In this case Continent
would be a categorical variable, not an ordinal variable, since there is no natural ordering of the values. We could just as easily have labeled the continents so that Europe = 0, Oceania = 1, Asia = 2, Africa = 3, North America = 4, South America = 5, without losing any information that this variable is supposed to hold.
sorted_df = final_df.sort_values(by="gini").copy()
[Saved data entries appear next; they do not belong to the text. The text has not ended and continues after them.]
lemma fermat_little_int:
  fixes x :: int
  assumes "prime r"
  shows "[x ^ Suc (k * (r - 1)) = x] (mod int r)"
proof (cases "int r dvd x")
  case True
  then show ?thesis by (simp add: cong_def dvd_imp_mod_0)
next
  case False
  define y where "y = nat (x mod int r)"
  have r0: "int r > 0" using assms prime_gt_0_nat by simp
  have xy: "[x = int y] (mod int r)" using r0 by (simp add: y_def cong_def)
  have "\<not> r dvd y"
    using False xy by (metis cong_dvd_iff int_dvd_int_iff)
  then have "[y ^ (r - 1) = 1] (mod r)" using fermat_theorem[OF assms] by blast
  then have "[int y ^ (r - 1) = 1] (mod int r)" by (metis cong_int_iff of_nat_1 of_nat_power)
  then have "[x ^ (r - 1) = 1] (mod int r)" using cong_pow[OF xy] cong_trans by blast
  then have "[(x ^ (r - 1)) ^ k = 1] (mod int r)" using cong_pow by fastforce
  then have "[x * x ^ (k * (r - 1)) = x * 1] (mod int r)"
    by (intro cong_mult cong_refl) (simp add: mult.commute[of k] power_mult)
  then show ?thesis by simp
qed

lemma prime_dvd_eisenstein_norm_imp_dvd:
  fixes a b :: int
  assumes r: "prime r" "r mod 3 = 2" and dvd: "int r dvd eisenstein_norm a b"
  shows "int r dvd a \<and> int r dvd b"
proof -
  \<comment> \<open>\<open>3 e \<equiv> 1 (mod r - 1)\<close>, so cubing is invertible modulo \<open>r\<close>\<close>
  define e where "e = 2 * (r div 3) + 1"
  have e: "3 * e = Suc (2 * (r - 1))" using r(2) unfolding e_def by presburger
  have "a ^ 3 + b ^ 3 = (a + b) * eisenstein_norm a b"
    unfolding eisenstein_norm_def by (simp add: algebra_simps power2_eq_square power3_eq_cube)
  then have "[a ^ 3 = - (b ^ 3)] (mod int r)"
    using dvd by (simp add: cong_iff_dvd_diff)
  then have "[(a ^ 3) ^ e = (- (b ^ 3)) ^ e] (mod int r)" by (rule cong_pow)
  moreover have "(- (b ^ 3)) ^ e = - ((b ^ 3) ^ e)" unfolding e_def by simp
  ultimately have "[a ^ (3 * e) = - (b ^ (3 * e))] (mod int r)" by (simp add: power_mult)
  then have "[a = - b] (mod int r)"
    unfolding e using fermat_little_int[OF r(1)] by (metis cong_minus_minus_iff cong_sym cong_trans)
  then have ab: "int r dvd a + b" by (simp add: cong_iff_dvd_diff)
  have "3 * b\<^sup>2 = eisenstein_norm a b - (a + b) * (a - 2 * b)"
    unfolding eisenstein_norm_def by (simp add: algebra_simps power2_eq_square)
  then have "int r dvd 3 * b\<^sup>2" using dvd ab by simp
  moreover have "\<not> int r dvd 3"
  proof
    assume "int r dvd 3"
    then have "r dvd 3" by (metis int_dvd_int_iff of_nat_numeral)
    then show False using primes_dvd_imp_eq[of r 3] r by simp
  qed
  ultimately have "int r dvd b" using r(1) by (metis prime_dvd_mult_iff prime_dvd_power prime_nat_int_transfer)
  then show ?thesis using ab by (metis dvd_add_left_iff)
qed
us_gini = sorted_df.loc["USA"]["gini"]
us_gini
41.06
import numpy as np
sorted_df['gini_vs_us'] = sorted_df['gini'] - us_gini
sorted_df.iloc[83:95]
Entity | Year | Total population (Gapminder, HYDE & UN) | Continent | gini | gdp | high_gdp | gini_vs_us | |
---|---|---|---|---|---|---|---|---|
Code | ||||||||
TUR | Turkey | 2012 | 7.465100e+07 | NaN | 40.17 | 20904.22300 | 1 | -0.89 |
TTO | Trinidad and Tobago | 1992 | 1.237000e+06 | NaN | 40.27 | 9583.64550 | 0 | -0.79 |
SEN | Senegal | 2011 | 1.303400e+07 | NaN | 40.28 | 2735.58670 | 0 | -0.78 |
MDG | Madagascar | 2010 | 2.115200e+07 | NaN | 40.63 | 1459.91550 | 0 | -0.43 |
MAR | Morocco | 2007 | 3.116400e+07 | NaN | 40.72 | 4984.77200 | 0 | -0.34 |
TKM | Turkmenistan | 1998 | 4.413000e+06 | NaN | 40.77 | 6358.13180 | 0 | -0.29 |
USA | United States | 2013 | 3.164010e+08 | NaN | 41.06 | 51547.74600 | 1 | 0.00 |
RUS | Russia | 2012 | 1.439940e+08 | NaN | 41.59 | 26074.13100 | 1 | 0.53 |
URY | Uruguay | 2013 | 3.389000e+06 | NaN | 41.87 | 18652.68600 | 1 | 0.81 |
CHN | China | 2010 | 1.368811e+09 | NaN | 42.06 | 9337.29000 | 0 | 1.00 |
COD | Democratic Republic of Congo | 2012 | 6.902100e+07 | NaN | 42.10 | 740.51245 | 0 | 1.04 |
GAB | Gabon | 2005 | 1.391000e+06 | NaN | 42.18 | 15793.24700 | 1 | 1.12 |
25. If we only knew the US's gini coefficient (and not its GDP), and we used the K-Nearest Neighbors algorithm with $K = 5$ to try and predict whether it was low or high GDP, which would we predict?
4 out of 5 are low GDP $\implies$ we predict low GDP for US
26. What about with $K = 7$?
(The above 5 closest neighbors, plus:)
5 out of 7 are low GDP $\implies$ we predict low GDP for US again
27. Why do we always pick odd numbers as values for $K$?
Because we need to take a majority vote of the $K$ neighbors, so odd numbers ensure that we won't encounter any ties.